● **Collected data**

● ● ● ● ● ● ●

(* Let $q$ be an odd prime power, $n=\frac{q+1}{2}$ and $\delta$ an integer with $2\leq\delta\leq\lfloor\frac{q+3}{4}\rfloor$. Then the negacyclic BCH code $\mathcal{C}_{(q,n,\delta,0)}$ has parameters $[n,n-2(\delta-1),2\delta-1]$. All of these codes are MDS.
   Context: Let $\ell$ be the order of $q$ modulo $2n$, $\alpha$ a primitive element of $\mathrm{GF}(q^\ell)$, $\beta=\alpha^{(q^\ell-1)/(2n)}$ (a primitive $2n$-th root of unity), and $\mathbb{M}_{\beta^j}(x)$ the minimal polynomial of $\beta^j$ over $\mathrm{GF}(q)$. For $2\leq\delta\leq n$, $\mathcal{C}_{(q,n,\delta,0)}$ is the negacyclic code of length $n$ over $\mathrm{GF}(q)$ (ideal of $\mathrm{GF}(q)[x]/(x^n+1)$) generated by $\mathrm{lcm}\big(\mathbb{M}_{\beta^{1}}(x),\mathbb{M}_{\beta^{3}}(x),\ldots,\mathbb{M}_{\beta^{1+2(\delta-2)}}(x)\big)$. An $[n,k,d]$ code is MDS if $d=n-k+1$. *)

theory Defs
  imports "HOL-Computational_Algebra.Polynomial_Factorial" "HOL-Library.Cardinality"
begin

definition mult_ord :: "nat \<Rightarrow> nat \<Rightarrow> nat" where
  "mult_ord m q = (if coprime m q then (LEAST d. d > 0 \<and> q ^ d mod m = 1 mod m) else 0)"

definition field_hom :: "('a::field \<Rightarrow> 'b::field) \<Rightarrow> bool" where
  "field_hom \<phi> \<longleftrightarrow> \<phi> 0 = 0 \<and> \<phi> 1 = 1 \<and> (\<forall>x y. \<phi> (x + y) = \<phi> x + \<phi> y) \<and>
     (\<forall>x y. \<phi> (x * y) = \<phi> x * \<phi> y)"

definition primitive_element :: "'b::field \<Rightarrow> bool" where
  "primitive_element \<alpha> \<longleftrightarrow> \<alpha> \<noteq> 0 \<and> (\<forall>y. y \<noteq> 0 \<longrightarrow> (\<exists>k::nat. y = \<alpha> ^ k))"

definition min_poly :: "('a::field \<Rightarrow> 'b::field) \<Rightarrow> 'b \<Rightarrow> 'a poly" where
  "min_poly \<phi> x = (THE m. lead_coeff m = 1 \<and> poly (map_poly \<phi> m) x = 0 \<and>
      (\<forall>m'. m' \<noteq> 0 \<and> poly (map_poly \<phi> m') x = 0 \<longrightarrow> degree m \<le> degree m'))"

text \<open>Negacyclic BCH code C_(q,n,delta,0): the ideal of GF(q)[x]/(x^n+1) generated by
  lcm(M_{beta^1}, M_{beta^3}, ..., M_{beta^(1+2(delta-2))}); elements of the quotient
  ring are represented by their reduced representatives of degree < n (i.e. the
  coefficient vectors (c_0,...,c_{n-1})).\<close>
definition negacyclic_generator :: "('a::field_gcd \<Rightarrow> 'b::field) \<Rightarrow> 'b \<Rightarrow> nat \<Rightarrow> 'a poly" where
  "negacyclic_generator \<phi> \<beta> \<delta> =
     Lcm ((\<lambda>i. min_poly \<phi> (\<beta> ^ (1 + 2 * i))) ` {0..\<delta> - 2})"

definition negacyclic_BCH :: "('a::field_gcd \<Rightarrow> 'b::field) \<Rightarrow> 'b \<Rightarrow> nat \<Rightarrow> nat \<Rightarrow> 'a poly set" where
  "negacyclic_BCH \<phi> \<beta> n \<delta> =
     {(a * negacyclic_generator \<phi> \<beta> \<delta>) mod (monom 1 n + 1) | a. True}"

definition hamming_dist :: "'a::zero poly \<Rightarrow> 'a poly \<Rightarrow> nat" where
  "hamming_dist c c' = card {i. coeff c i \<noteq> coeff c' i}"

definition min_dist :: "'a::zero poly set \<Rightarrow> nat" where
  "min_dist C = Min {hamming_dist c c' | c c'. c \<in> C \<and> c' \<in> C \<and> c \<noteq> c'}"

definition code_dim :: "'a::field_gcd poly set \<Rightarrow> nat" where
  "code_dim C = vector_space.dim (smult :: 'a \<Rightarrow> 'a poly \<Rightarrow> 'a poly) C"

end

theory Submission
  imports Defs
begin

(*
  Here 2n = q + 1, so q has order 2 modulo 2n, the extension field has q^2 elements and
  beta has multiplicative order q + 1; hence beta^q = beta^-1.  For 0 < i < n the power beta^i
  is not fixed by x |-> x^q, so it lies outside GF(q) and its minimal polynomial is the
  quadratic (x - beta^i)(x - beta^-i), whose middle coefficient is fixed by x |-> x^q and thus
  lies in GF(q).  The generator is therefore the product of the d - 1 quadratics for the odd
  exponents 1, 3, ..., 2d - 3 (d = delta), and its 2d - 2 roots beta^-(2d-3), ..., beta^-1,
  beta, ..., beta^(2d-3) are consecutive powers of beta^2, an element of order n.  The BCH
  bound (a Vandermonde argument) shows that every nonzero codeword has weight at least
  2d - 1, which the generator itself attains, and the dimension is n - deg g = n - 2(d - 1).
*)

section \<open>Finite fields\<close>

lemma power_eq_power_mod:
  fixes a :: "'a::monoid_mult"
  assumes "a ^ r = 1"
  shows "a ^ k = a ^ (k mod r)"
proof -
  have "a ^ k = (a ^ r) ^ (k div r) * a ^ (k mod r)"
    by (simp flip: power_mult power_add)
  with assms show ?thesis by simp
qed

lemma card_field_ge_2: "2 \<le> CARD('a::{field,finite})"
  using card_mono[of UNIV "{0::'a, 1}"] by simp

lemma power_card_minus_1_eq_1:
  fixes x :: "'a::{field,finite}"
  assumes "x \<noteq> 0"
  shows "x ^ (CARD('a) - 1) = 1"
proof -
  let ?U = "UNIV - {0::'a}"
  have "(\<Prod>y\<in>?U. x * y) = (\<Prod>y\<in>?U. y)"
    by (rule prod.reindex_bij_witness[of _ "\<lambda>y. y / x" "\<lambda>y. x * y"]) (use assms in auto)
  moreover have "(\<Prod>y\<in>?U. x * y) = x ^ card ?U * (\<Prod>y\<in>?U. y)"
    by (simp add: prod.distrib)
  moreover have "(\<Prod>y\<in>?U. y) \<noteq> 0" by simp
  ultimately show ?thesis by (simp add: card_Diff_singleton)
qed

lemma power_card_eq_self:
  fixes x :: "'a::{field,finite}"
  shows "x ^ CARD('a) = x"
proof (cases "x = 0")
  case False
  have "CARD('a) = Suc (CARD('a) - 1)" using finite_UNIV_card_ge_0[where 'a='a] by simp
  then show ?thesis using power_card_minus_1_eq_1[OF False] by (metis power_Suc mult_1_right)
qed simp

lemma primitive_element_power_eq_1_iff:
  fixes \<alpha> :: "'a::{field,finite}"
  assumes "primitive_element \<alpha>"
  shows "\<alpha> ^ m = 1 \<longleftrightarrow> (CARD('a) - 1) dvd m"
proof
  define N where "N = CARD('a) - 1"
  have "\<alpha> \<noteq> 0" using assms by (simp add: primitive_element_def)
  then have period: "\<alpha> ^ k = \<alpha> ^ (k mod N)" for k
    unfolding N_def by (intro power_eq_power_mod power_card_minus_1_eq_1)
  assume "\<alpha> ^ m = 1"
  then have r: "\<alpha> ^ (m mod N) = 1" by (metis period)
  show "N dvd m"
  proof (rule ccontr)
    assume "\<not> N dvd m"
    then have "0 < m mod N" by (simp add: mod_greater_zero_iff_not_dvd)
    have "UNIV - {0} \<subseteq> power \<alpha> ` {..<m mod N}"
    proof
      fix y :: 'a assume "y \<in> UNIV - {0}"
      then obtain k where "y = \<alpha> ^ k" using assms by (auto simp: primitive_element_def)
      then have "y = \<alpha> ^ (k mod (m mod N))" using r power_eq_power_mod by metis
      then show "y \<in> power \<alpha> ` {..<m mod N}" using \<open>0 < m mod N\<close> by auto
    qed
    then have "N \<le> m mod N"
      using surj_card_le[OF finite_lessThan] by (fastforce simp: N_def card_Diff_singleton)
    moreover have "0 < N" using card_field_ge_2[where 'a='a] by (simp add: N_def)
    ultimately show False using mod_less_divisor not_le by blast
  qed
next
  assume "(CARD('a) - 1) dvd m"
  then obtain k where "m = (CARD('a) - 1) * k" ..
  then show "\<alpha> ^ m = 1"
    using assms power_card_minus_1_eq_1[of \<alpha>] by (simp add: primitive_element_def power_mult)
qed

● ● ● ● ● ● ●

● **WHAT IS NEEDED**
Extract every line from the records above that contains the word "fixed".

● **ANSWER SPACE**
  is not fixed by x |-> x^q, so it lies outside GF(q) and its minimal polynomial is the
  quadratic (x - beta^i)(x - beta^-i), whose middle coefficient is fixed by x |-> x^q and thus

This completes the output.